‘I recognize that we dwell in a world of shadows: and, for my part, I hold it hardly worth the trouble to attempt a distinction between shadows in the mind and shadows out of it. If there be any difference, the former are rather the more substantial.’
P’s Correspondence takes Nathaniel Hawthorn’s eponymous short story as a starting point from which to look at artistic practices that deal with the elaboration of fictional or alternative histories. First published in 1845 Hawthorne's story concerns a character known only as P, a writer who exists suspended between two worlds. The story is a pioneering work of alternative history or uchronia and is generally regarded as the first piece of fiction to deal with these ideas.
The exhibition brings together a set of works that exist on a similar edge between fiction and reality and examines the potential that exists in these imaginative spaces. Using a variety of media and theoretical frameworks the works reflect upon the uncertainty of memory and the slippages that exist between reality and the imaginary. The works are anchored by a shared concern with how history is created, how we define its legacies and understand the present through it.
Dave Charlesworth’s work Wander (walker), 2010 uses video to look at time, memory and the authority of narration. The work sets photographs taken from his father’s collection against an ambiguous and enigmatic narrative rumination on the passing of time.
Tomas Colaço works primarily with painting, but his works rapidly transform into sculptures and installations, gaining a life of their own within the space. His works involve stories that unfold and fold back in on themselves, articulating both the past and the future whilst never leaving the present. Colaço’s works exist as fragmented parts of a wider constellation of possible truths or memories.
Replicas, Elena Damiani’s new series of works, sets up a dialogue between objects and their representation in collage. Damiani takes found objects with no immediately apparent significant meaning and by placing their portrait within a composition, she incorporates them into a story. The works resist easy classification and placement in time, hovering between an indeterminate past and the present.

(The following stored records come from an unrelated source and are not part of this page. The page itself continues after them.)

lemma sym_group_eq_Perm: "sym_group n = Perm {1..n}"
  by (simp add: sym_group_def Perm_def perm_group_def)

lemma group_Perm: "group (Perm \<Omega>)"
proof (rule groupI)
  show "\<exists>q\<in>carrier (Perm \<Omega>). q \<otimes>\<^bsub>Perm \<Omega>\<^esub> p = \<one>\<^bsub>Perm \<Omega>\<^esub>" if "p \<in> carrier (Perm \<Omega>)" for p
    using that permutes_inv permutes_inv_o(2) by fastforce
qed (auto simp: permutes_compose permutes_id comp_assoc)

lemma Perm_inv [simp]:
  assumes "p permutes \<Omega>"
  shows "inv\<^bsub>Perm \<Omega>\<^esub> p = inv' p"
  using group.inv_equality[OF group_Perm] permutes_inv[OF assms] permutes_inv_o(2)[OF assms] assms
  by simp

lemma subgroup_PermI:
  assumes "A \<subseteq> {p. p permutes \<Omega>}" "id \<in> A"
    and "\<And>p q. p \<in> A \<Longrightarrow> q \<in> A \<Longrightarrow> p \<circ> q \<in> A" "\<And>p. p \<in> A \<Longrightarrow> inv' p \<in> A"
  shows "subgroup A (Perm \<Omega>)"
  using assms by (intro group.subgroupI[OF group_Perm]) auto

context
  fixes A :: "('b \<Rightarrow> 'b) set" and \<Omega> :: "'b set"
  assumes A: "subgroup A (Perm \<Omega>)"
begin

lemma subgroup_Perm_permutes: "a \<in> A \<Longrightarrow> a permutes \<Omega>"
  using subgroup.subset[OF A] by auto

lemma subgroup_Perm_id: "id \<in> A"
  using subgroup.one_closed[OF A] by simp

lemma subgroup_Perm_comp: "p \<in> A \<Longrightarrow> q \<in> A \<Longrightarrow> p \<circ> q \<in> A"
  using subgroup.m_closed[OF A] by simp

lemma subgroup_Perm_inv: "p \<in> A \<Longrightarrow> inv' p \<in> A"
  using subgroup.m_inv_closed[OF A] subgroup_Perm_permutes by fastforce

lemma group_perm_group: "group (perm_group A)"
  using group.subgroup_imp_group[OF group_Perm A] by simp

lemma perm_group_inv [simp]: "a \<in> A \<Longrightarrow> inv\<^bsub>perm_group A\<^esub> a = inv' a"
  using group.inv_equality[OF group_perm_group] subgroup_Perm_inv subgroup_Perm_permutes
    permutes_inv_o(2) by fastforce

lemma group_hom_perm_group: "group S \<Longrightarrow> h \<in> hom (perm_group A) S \<Longrightarrow> group_hom (perm_group A) S h"
  using group_perm_group by (simp add: group_hom_def group_hom_axioms_def)

end

lemma subgroup_Perm_subset: "\<Omega>' \<subseteq> \<Omega> \<Longrightarrow> subgroup {p. p permutes \<Omega>'} (Perm \<Omega>)"
  by (rule subgroup_PermI) (auto intro: permutes_subset permutes_compose permutes_inv permutes_id)

definition moved_points :: "('b \<Rightarrow> 'b) set \<Rightarrow> 'b set" where
  "moved_points A = {x. \<exists>a\<in>A. a x \<noteq> x}"

lemma moved_points_empty_iff: "moved_points A = {} \<longleftrightarrow> A \<subseteq> {id}"
  by (auto simp: moved_points_def fun_eq_iff)

lemma moved_points_subset: "(\<And>a. a \<in> A \<Longrightarrow> a permutes \<Omega>) \<Longrightarrow> moved_points A \<subseteq> \<Omega>"
  by (auto simp: moved_points_def dest: permutes_not_in)

definition quotient_of_subgroup :: "('s, 'c) monoid_scheme \<Rightarrow> ('b, 'd) monoid_scheme \<Rightarrow> 'b set \<Rightarrow> bool" where
  "quotient_of_subgroup S G A \<longleftrightarrow>
     subgroup A G \<and> (\<exists>h. h \<in> hom (G\<lparr>carrier := A\<rparr>) S \<and> h ` A = carrier S)"

lemma hom_carrier_subset:
  "h \<in> hom (G\<lparr>carrier := A\<rparr>) S \<Longrightarrow> B \<subseteq> A \<Longrightarrow> h \<in> hom (G\<lparr>carrier := B\<rparr>) S"
  unfolding hom_def by auto
(* Let $n\geqslant 3$ and let $\lambda=(\lambda_1,\ldots,\lambda_s)$ be a partition of $n$ with $s\geqslant 2$ and $\lambda_1>\lambda_2$. Put $m=\lambda_2+\cdots+\lambda_s$. Let $t$ be a standard tableau of shape $\lambda$ with $n$ placed in the rightmost cell of its first row. Then the polytabloid $\mathbf{e}_t$ is an eigenvector of $J_n$ (acting on $M^\lambda$) with eigenvalue $n-m-1$, i.e. $J_n(\mathbf{e}_t)=(n-m-1)\mathbf{e}_t$.
   Context: For $\pi\in\mathrm{Sym}_n$ and a tableau $t$ of shape $\lambda$ (filling of the Young diagram with $1,\ldots,n$), $\pi(t)$ replaces each entry $x$ by $\pi(x)$. The $\lambda$-tabloid $\{t\}$ is the set of tableaux obtained from $t$ by permuting entries within rows; $M^\lambda$ is the complex vector space with basis the $\lambda$-tabloids, with $\mathrm{Sym}_n$ acting by $\pi\{t\}=\{\pi(t)\}$. $C_t$ is the column-stabilizer of $t$ and $\mathbf{e}_t=\sum_{\sigma\in C_t}\mathrm{sgn}(\sigma)\{\sigma(t)\}$. The Jucys–Murphy element $J_n=(1\ n)+(2\ n)+\cdots+(n-1\ n)$ acts on $M^\lambda$ via this action. A tableau is standard if its entries increase along rows and down columns. *)

theory Defs
  imports Complex_Main "HOL-Combinatorics.Combinatorics"
begin

type_synonym tableau = "nat \<times> nat \<Rightarrow> nat"
type_synonym tabloid = "tableau set"

definition is_partition :: "nat list \<Rightarrow> nat \<Rightarrow> bool" where
  "is_partition lam n \<longleftrightarrow> sorted_wrt (\<ge>) lam \<and> (\<forall>x\<in>set lam. 0 < x) \<and> sum_list lam = n"

definition cells :: "nat list \<Rightarrow> (nat \<times> nat) set" where
  "cells lam = {(i, j). i < length lam \<and> j < lam ! i}"

definition is_tableau :: "nat list \<Rightarrow> nat \<Rightarrow> tableau \<Rightarrow> bool" where
  "is_tableau lam n t \<longleftrightarrow> bij_betw t (cells lam) {1..n} \<and> (\<forall>c. c \<notin> cells lam \<longrightarrow> t c = 0)"

definition is_standard :: "nat list \<Rightarrow> tableau \<Rightarrow> bool" where
  "is_standard lam t \<longleftrightarrow>
     (\<forall>i j. (i, j) \<in> cells lam \<longrightarrow> (i, Suc j) \<in> cells lam \<longrightarrow> t (i, j) < t (i, Suc j)) \<and>
     (\<forall>i j. (i, j) \<in> cells lam \<longrightarrow> (Suc i, j) \<in> cells lam \<longrightarrow> t (i, j) < t (Suc i, j))"

definition tabloid_of :: "nat list \<Rightarrow> tableau \<Rightarrow> tabloid" where
  "tabloid_of lam t = {t \<circ> \<sigma> | \<sigma>. \<sigma> permutes cells lam \<and> (\<forall>c. fst (\<sigma> c) = fst c)}"

definition tabloid_act :: "(nat \<Rightarrow> nat) \<Rightarrow> tabloid \<Rightarrow> tabloid" where
  "tabloid_act \<pi> T = (\<lambda>s. \<pi> \<circ> s) ` T"

text \<open>Elements of M^lam are represented as coefficient functions on tabloids.
  The permutation action is the linear extension of the action on tabloids.\<close>
definition M_act :: "(nat \<Rightarrow> nat) \<Rightarrow> (tabloid \<Rightarrow> complex) \<Rightarrow> (tabloid \<Rightarrow> complex)" where
  "M_act \<pi> v = (\<lambda>T. v (tabloid_act (inv \<pi>) T))"

definition col_stab :: "nat list \<Rightarrow> nat \<Rightarrow> tableau \<Rightarrow> (nat \<Rightarrow> nat) set" where
  "col_stab lam n t = {\<sigma>. \<sigma> permutes {1..n} \<and>
     (\<forall>c\<in>cells lam. \<sigma> (t c) \<in> t ` {c' \<in> cells lam. snd c' = snd c})}"

definition polytabloid :: "nat list \<Rightarrow> nat \<Rightarrow> tableau \<Rightarrow> (tabloid \<Rightarrow> complex)" where
  "polytabloid lam n t = (\<lambda>T. \<Sum>\<sigma>\<in>col_stab lam n t.
      if tabloid_of lam (\<sigma> \<circ> t) = T then of_int (sign \<sigma>) else 0)"

definition JM_act :: "nat \<Rightarrow> (tabloid \<Rightarrow> complex) \<Rightarrow> (tabloid \<Rightarrow> complex)" where
  "JM_act n v = (\<lambda>T. \<Sum>k\<in>{1..<n}. M_act (Transposition.transpose k n) v T)"

end

theory Submission imports Defs begin

text \<open>Since the entry n is alone in its column, every \<sigma> in the column stabiliser fixes n, so
  (k n) \<sigma> = \<sigma> (\<sigma>\<inverse>(k) n) and J_n e_t becomes a sum, over the cells d \<noteq> e of the other entries,
  of the signed sums of the tabloids of \<sigma>((t d) n) t.  If d lies in the row of e, the tableau
  ((t d) n) t differs from t only inside that row and contributes e_t.  Otherwise the column of d
  meets the row of e in a cell d', and the transposition of the entries at d and d' lies in the
  column stabiliser and fixes the tabloid of ((t d) n) t, so it pairs the terms with opposite
  signs and the contribution vanishes.  Hence the eigenvalue is the length of the first row
  minus one.\<close>

definition signed_tabloid_sum ::
    "nat list \<Rightarrow> (nat \<Rightarrow> nat) set \<Rightarrow> tableau \<Rightarrow> tabloid \<Rightarrow> complex" where
  "signed_tabloid_sum lam C s T =
     (\<Sum>\<sigma>\<in>C. if tabloid_of lam (\<sigma> \<circ> s) = T then of_int (sign \<sigma>) else 0)"
lemma Med_singleton_le:
  fixes Y :: "'a \<Rightarrow> real"
  assumes Y: "Y \<in> borel_measurable M" and med: "Med M Y = {c}"
    and half: "1/2 \<le> prob {w\<in>space M. Y w \<le> t}"
  shows "c \<le> t"
proof (rule ccontr)
  assume "\<not> c \<le> t"
  have "1/2 \<le> prob {w\<in>space M. c \<le> Y w}" using med by (auto simp: Med_def)
  also have "\<dots> \<le> prob {w\<in>space M. t \<le> Y w}"
    using \<open>\<not> c \<le> t\<close> by (intro finite_measure_mono) (auto, use Y in measurable)
  finally have "t \<in> Med M Y" using half by (simp add: Med_def)
  with med \<open>\<not> c \<le> t\<close> show False by auto
qed

lemma Med_singleton_ge:
  fixes Y :: "'a \<Rightarrow> real"
  assumes Y: "Y \<in> borel_measurable M" and med: "Med M Y = {c}"
    and half: "1/2 \<le> prob {w\<in>space M. t \<le> Y w}"
  shows "t \<le> c"
proof (rule ccontr)
  assume "\<not> t \<le> c"
  have "1/2 \<le> prob {w\<in>space M. Y w \<le> c}" using med by (auto simp: Med_def)
  also have "\<dots> \<le> prob {w\<in>space M. Y w \<le> t}"
    using \<open>\<not> t \<le> c\<close> by (intro finite_measure_mono) (auto, use Y in measurable)
  finally have "t \<in> Med M Y" using half by (simp add: Med_def)
  with med \<open>\<not> t \<le> c\<close> show False by auto
qed

lemma Med_singleton_mono:
  fixes Y Z :: "'a \<Rightarrow> real"
  assumes Y: "Y \<in> borel_measurable M" and "Med M Y = {c}" and "d \<in> Med M Z"
    and le: "\<And>w. w \<in> space M \<Longrightarrow> Y w \<le> Z w"
  shows "c \<le> d"
proof (rule Med_singleton_le[OF Y \<open>Med M Y = {c}\<close>])
  have "1/2 \<le> prob {w\<in>space M. Z w \<le> d}" using \<open>d \<in> Med M Z\<close> by (simp add: Med_def)
  also have "\<dots> \<le> prob {w\<in>space M. Y w \<le> d}"
    using le by (intro finite_measure_mono) (auto intro: order_trans, use Y in measurable)
  finally show "1/2 \<le> prob {w\<in>space M. Y w \<le> d}" .
qed

lemma prob_le_eq_cdf_distr:
  fixes Y :: "'a \<Rightarrow> real"
  assumes "Y \<in> borel_measurable M"
  shows "prob {w\<in>space M. Y w \<le> x} = cdf (distr M borel Y) x"
  using assms by (simp add: cdf_def measure_distr vimage_def Int_def conj_commute)

lemma Med_nonempty:
  fixes Y :: "'a \<Rightarrow> real"
  assumes Y: "Y \<in> borel_measurable M"
  shows "Med M Y \<noteq> {}"
proof -
  interpret Y: real_distribution "distr M borel Y" using Y by simp
  obtain m where "1/2 \<le> cdf (distr M borel Y) m" "measure (distr M borel Y) {..<m} \<le> 1/2"
    using Y.ex_median_cdf by blast
  moreover have "measure (distr M borel Y) {..<m} = prob {w\<in>space M. Y w < m}"
    using Y by (simp add: measure_distr vimage_def Int_def conj_commute)
  moreover have "prob {w\<in>space M. m \<le> Y w} = prob (space M - {w\<in>space M. Y w < m})"
    by (rule arg_cong[where f = prob]) auto
  moreover have "\<dots> = 1 - prob {w\<in>space M. Y w < m}"
    by (rule prob_compl) (use Y in measurable)
  ultimately have "m \<in> Med M Y" using Y by (simp add: Med_def prob_le_eq_cdf_distr)
  then show ?thesis by auto
qed

lemma Med_bdd_above:
  fixes Y :: "'a \<Rightarrow> real"
  assumes Y: "Y \<in> borel_measurable M"
  shows "bdd_above (Med M Y)"
proof -
  interpret Y: real_distribution "distr M borel Y" using Y by simp
  have "\<forall>\<^sub>F x in at_top. 1/2 < cdf (distr M borel Y) x"
    using Y.cdf_lim_at_top_prob by (rule order_tendstoD) simp
  then obtain B where B: "1/2 < prob {w\<in>space M. Y w \<le> B}"
    by (auto simp: eventually_at_top_linorder prob_le_eq_cdf_distr[OF Y])
  show ?thesis
  proof (rule bdd_aboveI)
    fix x assume x: "x \<in> Med M Y"
    show "x \<le> B"
    proof (rule ccontr)
      assume "\<not> x \<le> B"
      moreover have B_event: "{w\<in>space M. Y w \<le> B} \<in> events" using Y by measurable
      ultimately have "prob {w\<in>space M. x \<le> Y w} \<le> prob (space M - {w\<in>space M. Y w \<le> B})"
        by (intro finite_measure_mono) auto
      also have "\<dots> = 1 - prob {w\<in>space M. Y w \<le> B}" using B_event by (rule prob_compl)
      finally show False using x B by (simp add: Med_def)
    qed
  qed
qed
(* Let $\phi:\mathbb{R}^n\to\mathbb{R}\cup\{+\infty\}$ be $m_\phi$-weakly convex (possibly nonsmooth) and let $g:\mathbb{R}^n\to\mathbb{R}\cup\{+\infty\}$ be proper, closed and convex; set $\Psi:=\phi-g$. For $0<\mu<1/m_\phi$ define $\Psi_\mu(\bm z):=\mathcal{M}_{\mu\phi}(\bm z)-\mathcal{M}_{\mu g}(\bm z)$, which is continuously differentiable. Let $\varepsilon>0$ and $0<\mu<1/m_\phi$. If $\bar{\bm z}\in\mathbb{R}^n$ satisfies $\|\nabla\Psi_\mu(\bar{\bm z})\|\le\min\{1,\mu^{-1}\}\varepsilon$, then $\bar{\bm x}:=\mathrm{prox}_{\mu\phi}(\bar{\bm z})$ is an $\varepsilon$-critical point of $\Psi$ with auxiliary point $\bar{\bm y}:=\mathrm{prox}_{\mu g}(\bar{\bm z})$, i.e. there exists $\bar{\bm u}\in\partial\phi(\bar{\bm x})-\partial g(\bar{\bm y})$ with $\max\{\|\bar{\bm u}\|,\|\bar{\bm x}-\bar{\bm y}\|\}\le\varepsilon$.
   Context: A function $\phi$ is $m_\phi$-weakly convex if $\phi+\frac{m_\phi}{2}\|\cdot\|^2$ is convex. For a function $\varphi$ and $\mu>0$, the Moreau envelope and proximal mapping are $\mathcal{M}_{\mu\varphi}(\bm z):=\min_{\bm x}\{\varphi(\bm x)+\frac{1}{2\mu}\|\bm x-\bm z\|^2\}$ and $\mathrm{prox}_{\mu\varphi}(\bm z):=\arg\min_{\bm x}\{\varphi(\bm x)+\frac{1}{2\mu}\|\bm x-\bm z\|^2\}$ (well-defined and single-valued for $\mu\in(0,1/m_\phi)$ in the weakly convex case). $\partial$ denotes the general (limiting) subdifferential, which coincides with the convex subdifferential for convex functions. A point $\bar{\bm x}$ is an $\varepsilon$-critical point of $\Psi=\phi-g$ if there exist $\bar{\bm y}\in\mathbb{R}^n$ and $\bar{\bm u}\in\partial\phi(\bar{\bm x})-\partial g(\bar{\bm y})$ with $\max\{\|\bar{\bm u}\|,\|\bar{\bm x}-\bar{\bm y}\|\}\le\varepsilon$. Norms are Euclidean. *)

theory Defs
  imports "HOL-Analysis.Analysis"
begin

text \<open>Extended-real-valued functions on a Euclidean space (R^n), values in R \<union> {+\<infinity>}
  are modelled as ereal-valued functions that never take the value -\<infinity>.\<close>

definition proper_fun :: "('a \<Rightarrow> ereal) \<Rightarrow> bool" where
  "proper_fun f \<longleftrightarrow> (\<forall>x. f x \<noteq> -\<infinity>) \<and> (\<exists>x. f x < \<infinity>)"

definition epigraph :: "('a \<Rightarrow> ereal) \<Rightarrow> ('a \<times> real) set" where
  "epigraph f = {(x, t). f x \<le> ereal t}"

definition convex_fun :: "('a::real_vector \<Rightarrow> ereal) \<Rightarrow> bool" where
  "convex_fun f \<longleftrightarrow> convex (epigraph f)"

definition closed_fun :: "('a::topological_space \<Rightarrow> ereal) \<Rightarrow> bool" where
  "closed_fun f \<longleftrightarrow> closed (epigraph f)"

definition weakly_convex :: "real \<Rightarrow> ('a::real_normed_vector \<Rightarrow> ereal) \<Rightarrow> bool" where
  "weakly_convex m f \<longleftrightarrow> convex_fun (\<lambda>x. f x + ereal (m / 2 * (norm x)\<^sup>2))"

definition moreau_env :: "real \<Rightarrow> ('a::real_normed_vector \<Rightarrow> ereal) \<Rightarrow> 'a \<Rightarrow> ereal" where
  "moreau_env \<mu> f z = (INF x. f x + ereal ((norm (x - z))\<^sup>2 / (2 * \<mu>)))"

definition is_prox :: "real \<Rightarrow> ('a::real_normed_vector \<Rightarrow> ereal) \<Rightarrow> 'a \<Rightarrow> 'a \<Rightarrow> bool" where
  "is_prox \<mu> f z x \<longleftrightarrow>
     (\<forall>y. f x + ereal ((norm (x - z))\<^sup>2 / (2 * \<mu>)) \<le> f y + ereal ((norm (y - z))\<^sup>2 / (2 * \<mu>)))"

text \<open>Frechet (regular) subdifferential: liminf_{y \<rightarrow> x} (f y - f x - <v,y-x>)/|y-x| \<ge> 0.\<close>
definition frechet_subdiff :: "('a::real_inner \<Rightarrow> ereal) \<Rightarrow> 'a \<Rightarrow> 'a set" where
  "frechet_subdiff f x = {v. \<bar>f x\<bar> \<noteq> \<infinity> \<and>
     (\<forall>e>0. \<exists>d>0. \<forall>y. norm (y - x) < d \<longrightarrow>
        f x + ereal (v \<bullet> (y - x) - e * norm (y - x)) \<le> f y)}"

definition limiting_subdiff :: "('a::real_inner \<Rightarrow> ereal) \<Rightarrow> 'a \<Rightarrow> 'a set" where
  "limiting_subdiff f x = {v. \<bar>f x\<bar> \<noteq> \<infinity> \<and>
     (\<exists>xs vs. xs \<longlonglongrightarrow> x \<and> (\<lambda>k. f (xs k)) \<longlonglongrightarrow> f x \<and>
        (\<forall>k. vs k \<in> frechet_subdiff f (xs k)) \<and> vs \<longlonglongrightarrow> v)}"

definition eps_critical ::
  "('a::real_inner \<Rightarrow> ereal) \<Rightarrow> ('a \<Rightarrow> ereal) \<Rightarrow> real \<Rightarrow> 'a \<Rightarrow> 'a \<Rightarrow> bool" where
  "eps_critical \<phi> g \<epsilon> x y \<longleftrightarrow>
     (\<exists>u. u \<in> {v - w | v w. v \<in> limiting_subdiff \<phi> x \<and> w \<in> limiting_subdiff g y} \<and>
          max (norm u) (norm (x - y)) \<le> \<epsilon>)"

end

theory Submission
  imports Defs
begin

text \<open>Optimality of the proximal points makes (z - x)/\<mu> a Frechet subgradient of \<phi> at
  x = prox \<phi> z and (z - y)/\<mu> one of g at y = prox g z; their difference is u = (y - x)/\<mu>,
  and norm (x - y) = \<mu> norm u. So it suffices to show that u is the gradient of \<Psi>_\<mu> at z.
  Freezing the minimiser y bounds the envelope of g at z + h from above by a quadratic in h,
  while the strong convexity of \<phi> + norm (\<cdot> - z)^2/(2\<mu>), with modulus 1/\<mu> - m > 0, bounds the
  envelope of \<phi> from below by a quadratic with the same linear part. Hence
  \<Psi>_\<mu>(z + h) - \<Psi>_\<mu>(z) \<ge> u \<bullet> h - K norm h^2, and a function differentiable at z with such a
  minorant has gradient u there.\<close>

lemma norm_midpoint_diff_sq:
  fixes x y v :: "'a::real_inner"
  shows "(norm ((x + y) /\<^sub>R 2 - v))\<^sup>2 = ((norm (x - v))\<^sup>2 + (norm (y - v))\<^sup>2) / 2 - (norm (x - y))\<^sup>2 / 4"
  by (simp add: power2_norm_eq_inner inner_add_left inner_add_right inner_diff_left inner_diff_right field_simps)
(* There exists a quantum algorithm which, given the value $a>0$ of the initial success probability of $\mathcal A$, outputs a basis element $z$ with $\chi(z)=1$ with certainty (probability $1$), using a number of applications of $\mathcal A$ and $\mathcal A^{-1}$ (together with $\mathbf S_\chi$, $\mathbf S_0$-type phase operators and auxiliary gates not depending on $\chi$ or $\mathcal A$) that is in $\Theta(1/\sqrt a)$ in the worst case.
   Context: Let $\mathcal H$ be a finite-dimensional Hilbert space with a fixed orthonormal computational basis $\{|x\rangle\}$ indexed by a finite set of nonnegative integers containing $0$. Let $\chi:\mathbb Z\to\{0,1\}$ be a Boolean function; a basis state $|x\rangle$ is good if $\chi(x)=1$. For a state $|\Upsilon\rangle$, let $|\Upsilon_1\rangle$ be its orthogonal projection onto the span of the good basis states. Let $\mathcal A$ be a unitary on $\mathcal H$ (a quantum algorithm using no measurements), $|\Psi\rangle=\mathcal A|0\rangle$, and $a=\langle\Psi_1|\Psi_1\rangle$ its initial success probability. *)

theory Defs
  imports Complex_Main
begin

text \<open>States of the finite-dimensional Hilbert space with computational basis
  indexed by a finite set X of nonnegative integers are represented as
  functions int \<Rightarrow> complex vanishing outside X; operators as matrices
  int \<Rightarrow> int \<Rightarrow> complex vanishing outside X \<times> X.\<close>

type_synonym state = "int \<Rightarrow> complex"
type_synonym op = "int \<Rightarrow> int \<Rightarrow> complex"

definition ket :: "int set \<Rightarrow> int \<Rightarrow> state" where
  "ket X x = (\<lambda>y. if y \<in> X \<and> y = x then 1 else 0)"

definition apply_op :: "int set \<Rightarrow> op \<Rightarrow> state \<Rightarrow> state" where
  "apply_op X M v = (\<lambda>i. if i \<in> X then (\<Sum>j\<in>X. M i j * v j) else 0)"

definition adjoint_op :: "op \<Rightarrow> op" where
  "adjoint_op M = (\<lambda>i j. cnj (M j i))"

definition unitary_on :: "int set \<Rightarrow> op \<Rightarrow> bool" where
  "unitary_on X M \<longleftrightarrow>
     (\<forall>i j. (i \<notin> X \<or> j \<notin> X) \<longrightarrow> M i j = 0) \<and>
     (\<forall>i\<in>X. \<forall>j\<in>X. (\<Sum>k\<in>X. cnj (M k i) * M k j) = (if i = j then 1 else 0))"

definition good_prob :: "int set \<Rightarrow> (int \<Rightarrow> bool) \<Rightarrow> state \<Rightarrow> real" where
  "good_prob X \<chi> v = (\<Sum>x\<in>{x\<in>X. \<chi> x}. (cmod (v x))\<^sup>2)"

datatype gate = GateA | GateAinv | GateSchi real | GateS0 real

definition S_chi :: "(int \<Rightarrow> bool) \<Rightarrow> real \<Rightarrow> state \<Rightarrow> state" where
  "S_chi \<chi> \<phi> v = (\<lambda>x. if \<chi> x then cis \<phi> * v x else v x)"

definition S_0 :: "real \<Rightarrow> state \<Rightarrow> state" where
  "S_0 \<phi> v = (\<lambda>x. if x = 0 then cis \<phi> * v x else v x)"

fun apply_gate :: "int set \<Rightarrow> (int \<Rightarrow> bool) \<Rightarrow> op \<Rightarrow> gate \<Rightarrow> state \<Rightarrow> state" where
  "apply_gate X \<chi> A GateA v = apply_op X A v"
| "apply_gate X \<chi> A GateAinv v = apply_op X (adjoint_op A) v"
| "apply_gate X \<chi> A (GateSchi \<phi>) v = S_chi \<chi> \<phi> v"
| "apply_gate X \<chi> A (GateS0 \<phi>) v = S_0 \<phi> v"

fun run :: "int set \<Rightarrow> (int \<Rightarrow> bool) \<Rightarrow> op \<Rightarrow> gate list \<Rightarrow> state \<Rightarrow> state" where
  "run X \<chi> A [] v = v"
| "run X \<chi> A (g # gs) v = run X \<chi> A gs (apply_gate X \<chi> A g v)"

definition num_A_calls :: "gate list \<Rightarrow> nat" where
  "num_A_calls gs = length (filter (\<lambda>g. g = GateA \<or> g = GateAinv) gs)"

end

theory Submission
  imports Defs
begin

Chris Clarke’s work explores ideas surrounding film and the production of images. In his work filmic techniques are used to explore specific aesthetic and conceptual aspects of filmmaking. A theme that recurs throughout his practice is the aestheticisation of the production processes of film, addressing the history of a medium rapidly passing in to the realms of memory. On or after 24.04.09, 2009 uses a print of a single frame furtively removed by the artist from an original 1985 cinema release of Back to The Future. The print depicting Marty McFly in his moment of realization was sent by post to 10 people including an artist’s proof to the artist, which is exhibited in the show.
The artistic practice of Pedro Magalhães is mostly photographic, and has a serial approach to each subject. The title of the series Fake Memoirs comes from a category of literary forgery in which fabricated recollections are presented as fact. The work consists of a series of photographs taken by the artist in his day-to-day life, an autobiography constructed with images as traces, images of evocative moments that propose memories that aren’t necessarily real.